When I was buying a new laptop a few months ago, I was specifically looking for one that had a TPM built-in as those also include an RNG. Recent versions of rng-tools can make use of this RNG to (non-exclusively) seed /dev/random.
On a related note, I noticed recently that the BCM2835 SoC in my Raspberry Pi has an RNG as well. I've been considering using it (off-line) to generate private keys for SSL certificates issued by our private CA.
This comment in Linux's bcm2835-rng.c driver makes me wonder about the RNG:
/* the initial numbers generated are "less random" so will be discarded */
#define RNG_WARMUP_COUNT 0x40000
How was this magic value derived? Why are the initial (quarter million?) values "less random"? Where's a datasheet that describes this thing's operation?
Yes, that first disney image left me confused and slightly uncomfortable! Hovering over it give an indication though, the tooltip says "so random!".

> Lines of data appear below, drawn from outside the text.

(* Let $\boldsymbol{\mathcal{D}} = \begin{pmatrix}\boldsymbol{W}_p\\ \boldsymbol{U}_f \\ \boldsymbol{Y}_f\end{pmatrix}\in\mathbb{R}^{L(m+p)\times \ell}$ be a data matrix with full row rank, with LQ decomposition $\boldsymbol{\mathcal{D}} = \begin{pmatrix} \boldsymbol{L}_{11} & \boldsymbol{0} & \boldsymbol{0} & \boldsymbol{0} \\ \boldsymbol{L}_{21} & \boldsymbol{L}_{22} & \boldsymbol{0} & \boldsymbol{0} \\ \boldsymbol{L}_{31} & \boldsymbol{L}_{32} & \boldsymbol{L}_{33} & \boldsymbol{0} \end{pmatrix}\begin{pmatrix}\boldsymbol{Q}_1\\ \boldsymbol{Q}_2\\ \boldsymbol{Q}_3\\ \boldsymbol{Q}_4\end{pmatrix}$ as described in the context, and let $\lambda_a>0$. Then DeePC with regularization $h(\boldsymbol{a}) = \lambda_a \|\boldsymbol{a}\|_2^2$ is equivalent to $\boldsymbol{\gamma}$-DDPC with regularization $\tilde h(\boldsymbol{\gamma}) = \lambda_a \|\boldsymbol{\gamma}_2\|_2^2 + \lambda_a \|\boldsymbol{\gamma}_3\|_2^2$.
   Context: Data: $m$ inputs, $p$ outputs, past horizon $N_p$, future horizon $N_f$, $L=N_p+N_f$, and $\ell$ data trajectories. The data matrix is partitioned as $\boldsymbol{\mathcal{D}} = \begin{pmatrix}\boldsymbol{W}_p\\ \boldsymbol{U}_f \\ \boldsymbol{Y}_f\end{pmatrix}$ with $\boldsymbol{W}_p\in\mathbb{R}^{N_p(m+p)\times\ell}$ (past inputs and outputs), $\boldsymbol{U}_f\in\mathbb{R}^{mN_f\times \ell}$, $\boldsymbol{Y}_f\in\mathbb{R}^{pN_f\times\ell}$; it is assumed to have full row rank. The LQ decomposition has lower block-triangular factor with non-singular square diagonal blocks $\boldsymbol{L}_{11},\boldsymbol{L}_{22},\boldsymbol{L}_{33}$ and $\boldsymbol{Q}=\begin{pmatrix}\boldsymbol{Q}_1^\top & \boldsymbol{Q}_2^\top&\boldsymbol{Q}_3^\top&\boldsymbol{Q}_4^\top\end{pmatrix}^\top\in\mathbb{R}^{\ell\times\ell}$ orthogonal (so $\boldsymbol{Q}_i\boldsymbol{Q}_i^\top=\boldsymbol{I}$, $\boldsymbol{Q}_i\boldsymbol{Q}_j^\top=\boldsymbol{0}$ for $i\neq j$); $\boldsymbol{\gamma}_i := \boldsymbol{Q}_i\boldsymbol{a}$. Given current past I/O data $\boldsymbol{\xi}\in\mathbb{R}^{N_p(m+p)}$, a cost $J(\boldsymbol{\xi},\mathbf{u}_f,\mathbf{y}_f)$ and constraint sets $\mathcal{U}\subseteq\mathbb{R}^{mN_f}$, $\mathcal{Y}\subseteq\mathbb{R}^{pN_f}$: DeePC with regularization $h$ is the problem $\min_{\mathbf{u}_f,\mathbf{y}_f,\boldsymbol{a}} J(\boldsymbol{\xi},\mathbf{u}_f,\mathbf{y}_f)+h(\boldsymbol{a})$ s.t. $(\boldsymbol{\xi};\mathbf{u}_f;\mathbf{y}_f)=\boldsymbol{\mathcal{D}}\boldsymbol{a}$, $(\mathbf{u}_f,\mathbf{y}_f)\in\mathcal{U}\times\mathcal{Y}$. $\boldsymbol{\gamma}$-DDPC with regularization $\tilde h$ is the problem $\min_{\mathbf{u}_f,\mathbf{y}_f,\boldsymbol{\gamma}_2,\boldsymbol{\gamma}_3} J(\boldsymbol{\xi},\mathbf{u}_f,\mathbf{y}_f)+\tilde h(\boldsymbol{\gamma})$ s.t. $\boldsymbol{\gamma}_1=\boldsymbol{L}_{11}^{-1}\boldsymbol{\xi}$, $\mathbf{u}_f = \boldsymbol{L}_{21}\boldsymbol{\gamma}_1+\boldsymbol{L}_{22}\boldsymbol{\gamma}_2$, $\mathbf{y}_f=\boldsymbol{L}_{31}\boldsymbol{\gamma}_1+\boldsymbol{L}_{32}\boldsymbol{\gamma}_2+\boldsymbol{L}_{33}\boldsymbol{\gamma}_3$, $(\mathbf{u}_f,\mathbf{y}_f)\in\mathcal{U}\times\mathcal{Y}$ (i.e., $\boldsymbol{\gamma}_4=\boldsymbol{0}$ is fixed). Two such optimal control problems are called equivalent if, for every $\boldsymbol{\xi}$, they yield the same optimal predicted input/output trajectories $(\mathbf{u}_f^\ast,\mathbf{y}_f^\ast)$ (not necessarily the same optimal cost). *)

theory Defs
  imports "Jordan_Normal_Form.DL_Rank"
begin

definition sqnorm :: "real vec \<Rightarrow> real" where
  "sqnorm v = v \<bullet> v"

definition deepc_feasible ::
  "real mat \<Rightarrow> nat \<Rightarrow> real vec set \<Rightarrow> real vec set \<Rightarrow> real vec \<Rightarrow> real vec \<Rightarrow> real vec \<Rightarrow> real vec \<Rightarrow> bool" where
  "deepc_feasible D ell U Y xi u y a \<longleftrightarrow>
     a \<in> carrier_vec ell \<and> D *\<^sub>v a = xi @\<^sub>v u @\<^sub>v y \<and> u \<in> U \<and> y \<in> Y"

definition deepc_opt ::
  "(real vec \<Rightarrow> real vec \<Rightarrow> real vec \<Rightarrow> real) \<Rightarrow> (real vec \<Rightarrow> real) \<Rightarrow> real mat \<Rightarrow> nat \<Rightarrow>
   real vec set \<Rightarrow> real vec set \<Rightarrow> real vec \<Rightarrow> (real vec \<times> real vec) set" where
  "deepc_opt J h D ell U Y xi =
     {(u, y). \<exists>a. deepc_feasible D ell U Y xi u y a \<and>
        (\<forall>u' y' a'. deepc_feasible D ell U Y xi u' y' a' \<longrightarrow>
            J xi u y + h a \<le> J xi u' y' + h a')}"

Of course the other images mostly make sense, but it would have been informative to have captions on some of them, such as the the second image, which has alt-text of "the three".
Another useful thing to know: there is lately a push towards crypto constructions that minimize dependencies on randomness. For example, there's "deterministic" DSA that replaces the nonce with a uncorrelated (psuedorandom) bits from digest functions. If you see people talking about cryptosystems being bad or good based on CSPRNG dependencies, that's the idea they're talking about.
This was a good post. For the record, we've been repeatedly trying and failing to hire Daniel Franke ever since that HN hack.